Correlation Between Mechema Chemicals and Sun Sea
Can any of the company-specific risk be diversified away by investing in both Mechema Chemicals and Sun Sea at the same time? Although using a correlation coefficient on its own may not help to predict future stock returns, this module helps to understand the diversifiable risk of combining Mechema Chemicals and Sun Sea into the same portfolio, which is an essential part of the fundamental portfolio management process.
By analyzing existing cross correlation between Mechema Chemicals Int and Sun Sea Construction, you can compare the effects of market volatilities on Mechema Chemicals and Sun Sea and check how they will diversify away market risk if combined in the same portfolio for a given time horizon. You can also utilize pair trading strategies of matching a long position in Mechema Chemicals with a short position of Sun Sea. Check out your portfolio center. Please also check ongoing floating volatility patterns of Mechema Chemicals and Sun Sea.

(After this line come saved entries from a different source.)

(* Let $k\geq 2$ be an integer and let $G=(V,E)$ be a graph on $n$ vertices. Let $\sim$ be a symmetric binary relation on $E$ such that for every $uv\in E$ and every $w\in V$, $w$ has at most $s$ neighbours $z\in V$ with $uv\sim wz$. Then the number of homomorphic $2k$-cycles $(x_1,\dots,x_{2k})$ in $G$ such that $x_ix_{i+1}\sim x_jx_{j+1}$ for some $i\neq j$ (indices modulo $2k$) is at most $$32k^{3/2}s^{1/2}\Delta(G)^{1/2}n^{\frac{1}{2k}}\hom(C_{2k},G)^{1-\frac{1}{2k}}.$$
   Context: A homomorphic $2k$-cycle in $G$ is a tuple $(x_1,\dots,x_{2k})\in V^{2k}$ (not necessarily distinct) with $x_ix_{i+1}\in E$ for all $1\leq i\leq 2k$, where $x_{2k+1}:=x_1$. $\hom(H,G)$ denotes the number of graph homomorphisms from $H$ to $G$ (maps $V(H)\to V(G)$ sending edges to edges); thus $\hom(C_{2k},G)$ is the number of homomorphic $2k$-cycles. $\Delta(G)$ is the maximum degree. *)

theory Defs
  imports Complex_Main
begin

definition simple_graph :: "'a set \<Rightarrow> 'a set set \<Rightarrow> bool" where
  "simple_graph V E \<longleftrightarrow> finite V \<and> (\<forall>e\<in>E. \<exists>u v. e = {u, v} \<and> u \<noteq> v \<and> u \<in> V \<and> v \<in> V)"

definition degree :: "'a set \<Rightarrow> 'a set set \<Rightarrow> 'a \<Rightarrow> nat" where
  "degree V E u = card {v \<in> V. {u, v} \<in> E}"

definition max_degree :: "'a set \<Rightarrow> 'a set set \<Rightarrow> nat" where
  "max_degree V E = Max (insert 0 (degree V E ` V))"

definition hom_cycles :: "'a set \<Rightarrow> 'a set set \<Rightarrow> nat \<Rightarrow> 'a list set" where
  "hom_cycles V E m = {xs. length xs = m \<and> set xs \<subseteq> V \<and>
      (\<forall>i<m. {xs ! i, xs ! ((i + 1) mod m)} \<in> E)}"

definition hom_cycle_count :: "'a set \<Rightarrow> 'a set set \<Rightarrow> nat \<Rightarrow> nat" where
  "hom_cycle_count V E m = card (hom_cycles V E m)"

end

theory Submission
  imports Defs "HOL-Analysis.Convex"
begin

text \<open>
  Write \<open>W\<^sub>L(a, b)\<close> for the number of walks of length \<open>L\<close> from \<open>a\<close> to \<open>b\<close> and
  \<open>T\<^sub>j = \<Sum>\<^sub>a\<^sub>,\<^sub>b W\<^sub>j(a, b)\<^sup>2\<close>, so that \<open>T\<^sub>0 = n\<close> and \<open>T\<^sub>k = hom(C\<^sub>2\<^sub>k, G)\<close>.
  Rotating a cycle with two related edges so that one of them becomes the closing edge
  \<open>x\<^sub>2\<^sub>kx\<^sub>1\<close> and the other one of the first \<open>k\<close> edges costs a factor \<open>2k\<close>.
  Such an anchored cycle is a walk \<open>x\<^sub>1 \<dots> x\<^sub>k\<^sub>+\<^sub>1\<close>, a neighbour \<open>x\<^sub>2\<^sub>k\<close> of \<open>x\<^sub>1\<close>
  related to one of its \<open>k\<close> edges (at most \<open>ks\<close> choices) and a walk of length \<open>k - 1\<close>
  from \<open>x\<^sub>k\<^sub>+\<^sub>1\<close> to \<open>x\<^sub>2\<^sub>k\<close>. Two applications of Cauchy--Schwarz bound their number by
  \<open>\<surd>(ks) \<surd>T\<^sub>k \<surd>(\<Delta> T\<^sub>k\<^sub>-\<^sub>1)\<close>, and Cauchy--Schwarz once more shows that \<open>T\<^sub>j\<close> is log-convex,
  whence \<open>T\<^sub>k\<^sub>-\<^sub>1\<^sup>k \<le> n T\<^sub>k\<^sup>k\<^sup>-\<^sup>1\<close>.
\<close>

lemma inj_rotate: "inj (rotate n)"
  unfolding rotate_def by (rule inj_fn[OF inj_rotate1])

lemma sum_mult_le_sqrt_sum_squares:
  fixes a b :: "'i \<Rightarrow> real"
  shows "(\<Sum>i\<in>I. a i * b i) \<le> sqrt (\<Sum>i\<in>I. (a i)\<^sup>2) * sqrt (\<Sum>i\<in>I. (b i)\<^sup>2)"
  using real_le_rsqrt[OF Cauchy_Schwarz_ineq_sum[of a b I]] by (simp add: real_sqrt_mult)

lemma sum_le_sqrt_card_sum_squares:
  fixes f :: "'i \<Rightarrow> real"
  shows "(\<Sum>i\<in>I. f i) \<le> sqrt (card I) * sqrt (\<Sum>i\<in>I. (f i)\<^sup>2)"
  using sum_mult_le_sqrt_sum_squares[of "\<lambda>_. 1" f I] by simp

lemma log_convex_pow_le:
  fixes t :: "nat \<Rightarrow> nat"
  assumes "\<And>j. t (Suc j) ^ 2 \<le> t j * t (Suc (Suc j))"
  shows "t j ^ Suc j \<le> t 0 * t (Suc j) ^ j"
proof (induction j)
  case 0 then show ?case by simp
next
  case (Suc j)
  show ?case
  proof (cases "t (Suc j) = 0")
    case False
    have "t (Suc j) ^ Suc (Suc j) * t (Suc j) ^ j = (t (Suc j) ^ 2) ^ Suc j"
      by (simp flip: power_add power_mult add: mult_2)
    also have "\<dots> \<le> (t j * t (Suc (Suc j))) ^ Suc j"
      by (rule power_mono[OF assms]) simp
    also have "\<dots> = t j ^ Suc j * t (Suc (Suc j)) ^ Suc j"
      by (simp add: power_mult_distrib)
    also have "\<dots> \<le> (t 0 * t (Suc (Suc j)) ^ Suc j) * t (Suc j) ^ j"
      using mult_right_mono[OF Suc.IH, of "t (Suc (Suc j)) ^ Suc j"] by (simp add: mult_ac)
    finally show ?thesis using False by simp
  qed simp
qed

lemma sqrt_mult_le_powr_of_pow_le:
  fixes n T U :: real
  assumes "k \<ge> 1" "0 \<le> n" "0 \<le> T" "0 \<le> U" and "U ^ k \<le> n * T ^ (k - 1)"
  shows "sqrt T * sqrt U \<le> n powr (1 / (2 * real k)) * T powr (1 - 1 / (2 * real k))"
proof (cases "T = 0")
  case False
  then have T: "T > 0" using assms by simp
  have k: "real k > 0" using assms by simp
  have "U = (U ^ k) powr (1 / k)"
    using assms k by (simp add: powr_powr flip: powr_realpow')
  also have "\<dots> \<le> (n * T ^ (k - 1)) powr (1 / k)"
    using assms by (intro powr_mono2) auto
  also have "\<dots> = n powr (1 / k) * T powr ((real k - 1) / k)"
    using assms T by (simp add: powr_mult powr_powr of_nat_diff flip: powr_realpow)
  finally have U: "U \<le> n powr (1 / k) * T powr ((real k - 1) / k)" .
  have "sqrt T * sqrt U = (T * U) powr (1 / 2)"
    using assms by (simp add: powr_half_sqrt real_sqrt_mult)
  also have "\<dots> \<le> (T * (n powr (1 / k) * T powr ((real k - 1) / k))) powr (1 / 2)"
    using U T assms by (intro powr_mono2 mult_left_mono) auto
  also have "T * (n powr (1 / k) * T powr ((real k - 1) / k)) = n powr (1 / k) * T powr (1 + (real k - 1) / k)"
    using T by (simp add: powr_add)
  also have "(n powr (1 / k) * T powr (1 + (real k - 1) / k)) powr (1 / 2)
      = n powr (1 / (2 * real k)) * T powr ((1 + (real k - 1) / k) / 2)"
    using assms by (simp add: powr_mult powr_powr mult.commute)
  also have "(1 + (real k - 1) / k) / 2 = 1 - 1 / (2 * real k)"
    using k by (simp add: field_simps)
  finally show ?thesis .
qed simp
(* Let $T$ be a lifted graph, $F\colon T\to T$ a continuous sun-like map of degree 1, ${\cal P}$ a basic partition of $F$ and ${\cal G}$ its covering graph, and let $\alpha,\beta$ be vertices of ${\cal G}$. (i) All arrows starting from $\alpha$, except at most one, end at a vertex of the basis. (ii) If $\alpha\to\beta$ and $H(\beta)>0$, then $H(\beta)=H(\alpha)+1$.
   Context: A lifted graph is a connected topological space $T$ with a homeomorphism $h\colon\mathbb R\to h(\mathbb R)\subset T$ and a homeomorphism $\tau\colon T\to T$ such that $\tau(h(x))=h(x+1)$, the closure of each connected component of $T\setminus h(\mathbb R)$ is a topological finite graph meeting $h(\mathbb R)$ in exactly one point, and only finitely many such components have closure meeting $h([0,1])$. Identify $h(\mathbb R)$ with $\mathbb R$, write $x+m:=\tau^m(x)$; $r_{\mathbb R}\colon T\to\mathbb R$ is the identity on $\mathbb R$ and maps a component $C$ of $T\setminus\mathbb R$ to the point $\overline C\cap\mathbb R$. $F$ has degree 1 if $F(x+1)=F(x)+1$. Let $T_{\mathbb R}:=\overline{\bigcup_{n\ge0}F^n(\mathbb R)}$, $X:=\overline{T\setminus T_{\mathbb R}}\cap r_{\mathbb R}^{-1}([0,1))$. $F$ is sun-like if $(T\setminus T_{\mathbb R})\cap r_{\mathbb R}^{-1}([0,1))$ consists of finitely many intervals with pairwise disjoint closures $X^i$, $i\in\Lambda$ (branches), each a compact interval meeting $T_{\mathbb R}$ in one endpoint $\min X^i$ (fixing the order of $X^i$). A basic partition is a finite family ${\cal P}=\{X^i_j\}$ of pairwise disjoint nonempty compact intervals $X^i_1<\dots<X^i_{N_i}$ in $X^i$, with $\ell(X^i_j)\in\Lambda$, $p(X^i_j)\in\mathbb Z$, such that $F(X^i_j)\subset(X^{\ell(X^i_j)}+p(X^i_j))\cup\mathrm{Int}(T_{\mathbb R})$, $F(\min X^i_j)=\min X^{\ell(X^i_j)}+p(X^i_j)$, and $F(X\setminus\bigcup X^i_j)\cap(X+\mathbb Z)=\emptyset$. For $A_0,\dots,A_n\in{\cal P}$, $\langle A_0\dots A_n\rangle:=F^n(\{x\in T: F^i(x)\in A_i+\mathbb Z,\ 0\le i\le n\})\cap X$. $A_0\dots A_n\sim B_0\dots B_m$ iff for some $k\le\min(n,m)$, $A_{n-i}=B_{m-i}$ ($0\le i\le k$) and $\langle A_0\dots A_{n-k}\rangle=A_{n-k}=B_{m-k}=\langle B_0\dots B_{m-k}\rangle$. The covering graph ${\cal G}$: vertices are classes $A_0\dots A_n/\!\sim$ with $\langle A_0\dots A_n\rangle\ne\emptyset$; arrow $\alpha\to\beta$ iff $\alpha=A_0\dots A_n/\!\sim$, $\beta=A_0\dots A_nA_{n+1}/\!\sim$ for some $A_i\in{\cal P}$. The significant part of $A_0\dots A_n$ is $A_i\dots A_n$ with $i$ the largest index such that $A_0\dots A_n\sim A_i\dots A_n$; the height of the class $\alpha$ is $H(\alpha):=n-i$. The basis is the set of vertices of height $0$, i.e. $\{A/\!\sim: A\in{\cal P}\}$. *)

theory Defs
  imports "HOL-Analysis.Analysis"
begin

Diversification Opportunities for Mechema Chemicals and Sun Sea
-0.55 | Correlation Coefficient |
Excellent diversification
The 3 months correlation between Mechema and Sun is -0.55. Overlapping area represents the amount of risk that can be diversified away by holding Mechema Chemicals Int and Sun Sea Construction in the same portfolio, assuming nothing else is changed. The correlation between historical prices or returns on Sun Sea Construction and Mechema Chemicals is a relative statistical measure of the degree to which these equity instruments tend to move together. The correlation coefficient measures the extent to which returns on Mechema Chemicals Int are associated (or correlated) with Sun Sea. Values of the correlation coefficient range from -1 to +1, where. The correlation of zero (0) is possible when the price movement of Sun Sea Construction has no effect on the direction of Mechema Chemicals i.e., Mechema Chemicals and Sun Sea go up and down completely randomly.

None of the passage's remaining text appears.